IN CONCLUSION
Scratching the surface of the U.S. student loan debate reveals that we allow student debt a sort of grace unparalleled
in U.S. policy, continually moving the goalposts as we seek to console ourselves that a financial aid system
predicated largely on borrowing can, somehow, work. Instead of carefully considering the kind of policy we want, in
order to facilitate our children’s access to the higher education that most Americans believe is essential for economic
mobility (Newport & Busteed, 2013), we look for approaches that would modify the student loan system enough to
allow it to survive, even while holding very low expectations for this very significant investment.
Perhaps like the
apocryphal frog in boiling water, we have gradually come to expect that, for many if not most U.S. college students,
the only path to college and the prosperity that lies beyond is high debt. As it has become clear that this debt is
difficult for many students to afford post-college, we have sought to adjust their repayment schedules extending over
longer periods of time. As it became apparent that even these modified obligations were exerting some negative
influences on students’ decisions prior to college and on adjustment to adulthood after, we consoled ourselves that
these effects are temporary, a new rite of passage as Americans come of age.
As evidence reveals that this
borrowing has lifelong effects, compromising graduates’ ability to engage in the very wealth-building behaviors
their educations were supposed to make possible, we have reflexively defended student loans as a vehicle for college
access, perhaps overlooking that merely accessing college is not the American Dream. When we acknowledge that student loans are underperforming even as an access tool, we helplessly claim that we cannot imagine an alternative
(Woluchem & George, 2014). We are far enough down the policy path of student indebtedness to make it difficult to
see our way out and, so, have adjusted to burdensome student debt as a ‘natural’ part of the American life cycle,
normalizing a rather extraordinary phenomenon that sees many U.S. college graduates worse off, in measures of
financial well-being, health, and even overall life satisfaction (Dugan & Kafka, 2014),
as an apparent side effect of
their use of a financial aid product that is supposed to facilitate ultimate improvements in all of these indicators.
The seeds for this bitter harvest were sown long ago, with the ill effects only brought into sharp relief by the Great
Recession, with its colliding forces of further increases in college costs, reduced job prospects for graduates, and
tightened family finances that preclude, for many, the luxury of just trusting that higher education will be a good
investment. We have now turned our attention to different measures of the extent to which student loans are failing
us, and the evidence is not just disappointing. It is alarming.

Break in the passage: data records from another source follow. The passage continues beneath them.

lemma one_plus_power_le:
  fixes x :: real
  assumes "0 \<le> x"
  shows "(1 + x) ^ n \<le> 2 ^ n * (1 + x ^ n)"
proof -
  have "(1 + x) ^ n \<le> (2 * max 1 x) ^ n"
    using assms by (intro power_mono) auto
  also have "\<dots> = 2 ^ n * max 1 x ^ n"
    by (simp add: power_mult_distrib)
  also have "max 1 x ^ n \<le> 1 + x ^ n"
    using assms by (cases "x \<le> 1") (simp_all add: max_def)
  finally show ?thesis by simp
qed

lemma cap_Phi_le_dyadic_radii:
  fixes w :: "nat \<Rightarrow> real \<Rightarrow> 'a::euclidean_space"
  assumes D: "3 \<le> DIM('a)" and T: "0 < c0 * R\<^sup>2"
    and cont: "\<And>i. i < N \<Longrightarrow> continuous_on {0..} (w i)"
    and finite: "\<And>i k. i < N \<Longrightarrow> k < nat \<lceil>c0 * R\<^sup>2\<rceil> \<Longrightarrow> dyadic_energy (DIM('a) - 2) (w i) (real k) \<noteq> \<infinity>"
  shows "cap (Phi c0 R N w) \<le> ennreal (\<Sum>(i, k)\<in>{..<N} \<times> {..<nat \<lceil>c0 * R\<^sup>2\<rceil>}.
           (1 + 10 * root (2 * (DIM('a) - 2)) (enn2real (dyadic_energy (DIM('a) - 2) (w i) (real k))))
             ^ (DIM('a) - 2) / green_const TYPE('a))"
proof -
  define \<rho> where "\<rho> = (\<lambda>(i, k). 10 * root (2 * (DIM('a) - 2)) (enn2real (dyadic_energy (DIM('a) - 2) (w i) (real k))))"
  have near: "dist (w i (real k)) (w i t) \<le> \<rho> (i, k)"
    if "i < N" "k < nat \<lceil>c0 * R\<^sup>2\<rceil>" "t \<in> {real k..real k + 1}" for i k t
  proof -
    have "continuous_on {real k..real k + 1} (w i)"
      using cont[OF that(1)] by (rule continuous_on_subset) auto
    then show ?thesis
      using dist_le_dyadic_energy[OF _ finite[OF that(1,2)] _ that(3)] D by (simp add: \<rho>_def)
  qed
  have \<rho>_nonneg: "0 \<le> \<rho> p" for p
    by (simp add: \<rho>_def split_beta real_root_ge_zero)
  have cover: "Phi c0 R N w \<subseteq> (\<Union>p\<in>{..<N} \<times> {..<nat \<lceil>c0 * R\<^sup>2\<rceil>}. cball (w (fst p) (real (snd p))) (1 + \<rho> p))"
    using near by (rule Phi_subset_UN_cball[OF T])
  have "cap (Phi c0 R N w) \<le> ennreal (\<Sum>p\<in>{..<N} \<times> {..<nat \<lceil>c0 * R\<^sup>2\<rceil>}.
      (1 + \<rho> p) ^ (DIM('a) - 2) / green_const TYPE('a))"
    using \<rho>_nonneg by (intro cap_le_sum_cball[OF D _ _ cover]) (auto intro: add_pos_nonneg)
  then show ?thesis by (simp add: \<rho>_def split_beta)
qed

lemma dyadic_radius_power_le:
  assumes "0 \<le> z" "0 < q"
  shows "(1 + 10 * root (2 * q) z) ^ (2 * q) \<le> 400 ^ q * (1 + z)"
proof -
  have "(1 + 10 * root (2 * q) z) ^ (2 * q) \<le> 2 ^ (2 * q) * (1 + (10 * root (2 * q) z) ^ (2 * q))"
    using assms by (intro one_plus_power_le) (simp add: real_root_ge_zero)
  also have "(10 * root (2 * q) z) ^ (2 * q) = (10 ^ 2) ^ q * z"
    using assms by (simp only: power_mult_distrib real_root_pow_pos2 power_mult[symmetric])
  also have "2 ^ (2 * q) * (1 + (10 ^ 2) ^ q * z) \<le> (4::real) ^ q * (100 ^ q * (1 + z))"
  proof -
    have "1 + 100 ^ q * z \<le> 100 ^ q * (1 + z)"
      using assms by (simp add: algebra_simps)
    then show ?thesis by (simp add: power_mult)
  qed
  also have "\<dots> = 400 ^ q * (1 + z)"
    by (simp add: power_mult_distrib[symmetric])
  finally show ?thesis .
qed
section \<open>Harmonic functions of logarithmic growth\<close>

lemma norm_cis_diff_le: "norm (cis a - cis b) \<le> \<bar>a - b\<bar>"
proof -
  have "norm (cis a - cis b) \<le> 1 * norm (a - b)"
  proof (rule differentiable_bound[of UNIV cis "\<lambda>x t. t *\<^sub>R (\<i> * cis x)"])
    show "(cis has_derivative (\<lambda>t. t *\<^sub>R (\<i> * cis x))) (at x within UNIV)" for x
      using has_derivative_cis[of "\<lambda>x. x" "\<lambda>x. x" x UNIV] by (simp add: has_derivative_ident)
    show "onorm (\<lambda>t. t *\<^sub>R (\<i> * cis x)) \<le> 1" for x
      by (rule onorm_bound) (auto simp: norm_mult)
  qed auto
  then show ?thesis by simp
qed

lemma dist_mult_cis_le: "dist (complex_of_real r * cis a) (complex_of_real r * cis b) \<le> \<bar>r\<bar> * \<bar>a - b\<bar>"
proof -
  have "dist (complex_of_real r * cis a) (complex_of_real r * cis b) = \<bar>r\<bar> * norm (cis a - cis b)"
    by (simp add: dist_norm norm_mult flip: right_diff_distrib)
  then show ?thesis
    using norm_cis_diff_le[of a b] by (simp add: mult_left_mono)
qed

lemma le_cSup_ratio_mult:
  fixes f g :: "'a \<Rightarrow> real"
  assumes "bdd_above {f z / g z | z. z \<in> S}" "z \<in> S" "g z > 0"
  shows "f z \<le> Sup {f z / g z | z. z \<in> S} * g z"
proof -
  have "f z / g z \<le> Sup {f z / g z | z. z \<in> S}"
    using assms by (auto intro!: cSup_upper)
  then show ?thesis
    using assms(3) by (simp add: divide_le_eq)
qed

lemma ln_exp1_divide: "(x::real) > 0 \<Longrightarrow> ln (exp 1 / x) = 1 - ln x"
  using ln_div[of "exp 1" x] by simp

lemma ln_exp1_divide_ge_1: "norm z < 1 \<Longrightarrow> ln (exp 1 / (1 - norm z)) \<ge> 1"
  by (simp add: ln_exp1_divide)

lemma ln_exp1_divide_on_ball:
  fixes z0 x :: complex
  assumes "norm z0 < 1" "x \<in> ball z0 ((1 - norm z0) / 2)"
  shows "norm x < 1"
    and "ln (exp 1 / (1 - norm x)) \<le> ln (exp 1 / (1 - norm z0)) + ln 2"
proof -
  have "norm x \<le> norm z0 + dist z0 x"
    by (metis dist_norm norm_minus_commute norm_triangle_sub)
  then have lt: "(1 - norm z0) / 2 < 1 - norm x"
    using assms by simp
  then show "norm x < 1"
    using assms(1) by simp
  have "ln (exp 1 / (1 - norm x)) \<le> 1 - ln ((1 - norm z0) / 2)"
    using lt assms(1) by (simp add: ln_exp1_divide)
  also have "\<dots> = ln (exp 1 / (1 - norm z0)) + ln 2"
    using assms(1) by (simp add: ln_exp1_divide ln_div)
  finally show "ln (exp 1 / (1 - norm x)) \<le> ln (exp 1 / (1 - norm z0)) + ln 2" .
qed

lemma le_mult_1_plus_4_of_Harnack:
  fixes a b d :: real
  assumes "b * (1 - d) \<le> a * (1 + d)" "a > 0" "0 \<le> d" "d \<le> 1/2"
  shows "b \<le> a * (1 + 4 * d)"
proof -
  have "4 * (d * d) \<le> 2 * d"
    using mult_left_mono[OF assms(4,3)] by simp
  then have "1 + d \<le> (1 + 4 * d) * (1 - d)"
    by (simp add: algebra_simps)
  then have "a * (1 + d) \<le> a * (1 + 4 * d) * (1 - d)"
    using assms(2) by (simp add: mult.assoc)
  with assms(1) have "b * (1 - d) \<le> a * (1 + 4 * d) * (1 - d)"
    by linarith
  then show ?thesis
    by (rule mult_right_le_imp_le) (use assms(4) in simp)
qed

lemma harmonic_log_growth_Harnack:
  fixes u :: "complex \<Rightarrow> real"
  assumes "harmonic_on (ball 0 1) u" "C \<ge> 0"
    and growth: "\<And>z. z \<in> ball 0 1 \<Longrightarrow> u z \<le> C * ln (exp 1 / (1 - norm z))"
    and z0: "norm z0 < 1" "u z0 \<ge> 0" and w: "dist z0 w \<le> (1 - norm z0) / 4"
  shows "u z0 - u w
    \<le> 8 * dist z0 w / (1 - norm z0) * (C * (1 + ln 2) + 1) * ln (exp 1 / (1 - norm z0))"
proof -
  obtain f where f: "f holomorphic_on ball 0 1" "\<And>z. z \<in> ball 0 1 \<Longrightarrow> Re (f z) = u z"
    using harmonic_on_Re_holomorphic[OF assms(1) convex_ball] by blast
  define L where "L = ln (exp 1 / (1 - norm z0))"
  define R where "R = (1 - norm z0) / 2"
  define M where "M = C * (L + ln 2) + 1"
  define d where "d = dist z0 w / R"
  have R: "R > 0" "ball z0 R \<subseteq> ball 0 1"
    using z0 ln_exp1_divide_on_ball(1)[OF z0(1)] by (auto simp: R_def)
  have below_M: "Re (f x) < M" if "x \<in> ball z0 R" for x
  proof -
    have "u x \<le> C * (L + ln 2)"
      using growth[of x] R(2) that ln_exp1_divide_on_ball(2)[OF z0(1), of x] \<open>C \<ge> 0\<close>
      by (smt (verit, best) L_def R_def mult_left_mono subsetD)
    then show ?thesis
      using f(2) R(2) that by (auto simp: M_def)
  qed
  have d: "0 \<le> d" "d \<le> 1/2" and wR: "w \<in> ball z0 R"
    using w R by (auto simp: d_def R_def field_simps)
  have "(M - Re (f w)) * (1 - d) \<le> (M - Re (f z0)) * (1 + d)"
    unfolding d_def by (rule Harnack_inequality_Re[OF holomorphic_on_subset[OF f(1) R(2)] below_M wR])
  moreover have "w \<in> ball 0 1" "z0 \<in> ball 0 1"
    using wR R z0 by auto
  ultimately have "(M - u w) * (1 - d) \<le> (M - u z0) * (1 + d)"
    using f(2) by simp
  moreover have "M - u z0 > 0"
    using below_M[of z0] R f(2)[of z0] z0 by auto
  ultimately have "M - u w \<le> (M - u z0) * (1 + 4 * d)"
    using d by (rule le_mult_1_plus_4_of_Harnack)
  then have "u z0 - u w \<le> 4 * d * (M - u z0)"
    by (simp add: algebra_simps)
  also have "\<dots> \<le> 4 * d * ((C * (1 + ln 2) + 1) * L)"
  proof (rule mult_left_mono)
    have "L \<ge> 1" "C * ln 2 \<ge> 0"
      using z0(1) \<open>C \<ge> 0\<close> by (simp_all add: L_def ln_exp1_divide_ge_1)
    then have "C * ln 2 \<le> C * ln 2 * L"
      using mult_left_mono[of 1 L "C * ln 2"] by simp
    then show "M - u z0 \<le> (C * (1 + ln 2) + 1) * L"
      using \<open>L \<ge> 1\<close> z0(2) by (simp add: M_def algebra_simps)
  qed (use d in simp)
  finally show ?thesis
    by (simp add: d_def R_def L_def)
qed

There is reason to believe that, if we expected student
loans to actually help us address our greatest collective challenges, particularly those that threaten the viability of the
American Dream—rising inequality and constrained economic growth—they are not only falling short, but they may
be constructing a higher hill for other policy structures to climb.
The depression of asset accumulation that may result in the immediate post-college period as a result of real
financial strains of debt repayment may really matter when it comes to understanding the financial well-being of
young adults and growing wealth inequality (Elliott & Lewis, 2014).
Even students with outstanding debt who do
well in college may struggle to understand why they are not reaping the gains of that academic achievement to the
same extent as their counterparts who have no student debt. And, of course, there are real opportunity costs to the
student loan system, which has largely crowded out our collective capacity to imagine anything else. The policy
energy consumed by tinkering with a fundamentally flawed student loan system, in an effort to blunt its most
negative effects, could be otherwise deployed to construct new asset-empowered financial aid models that could
improve student outcomes (see, Elliott & Lewis, 2014).
Instead, the corrosive effects of placing our collective
financial aid ‘eggs’ all in a problematic basket may be compromising the educational prospects of a generation of
students whose futures—economically and otherwise—depend on the attainment of a higher education. U.S. policy
should prioritize outcomes over instruments, and we must not allow ourselves to cling to an intervention for
sentimental value or because we are afraid of what would follow in the breach. Overheated debate about the ‘next
financial crisis’ notwithstanding, evidence reveals real dangers in continuing on our current path with student
loans—for individuals, for the macro-economy,
and, perhaps most importantly, for our vision of ourselves and the
Dream that animates us. Just as importantly, there is evidence to suggest significant advantages from shifting course
and resetting the default to saving for post-secondary education, rather than leveraging one’s future for it. Taking
this alternate path requires the vision to imagine better outcomes, which, even with research to recommend it, can
demand a leap of faith, but our children deserve that.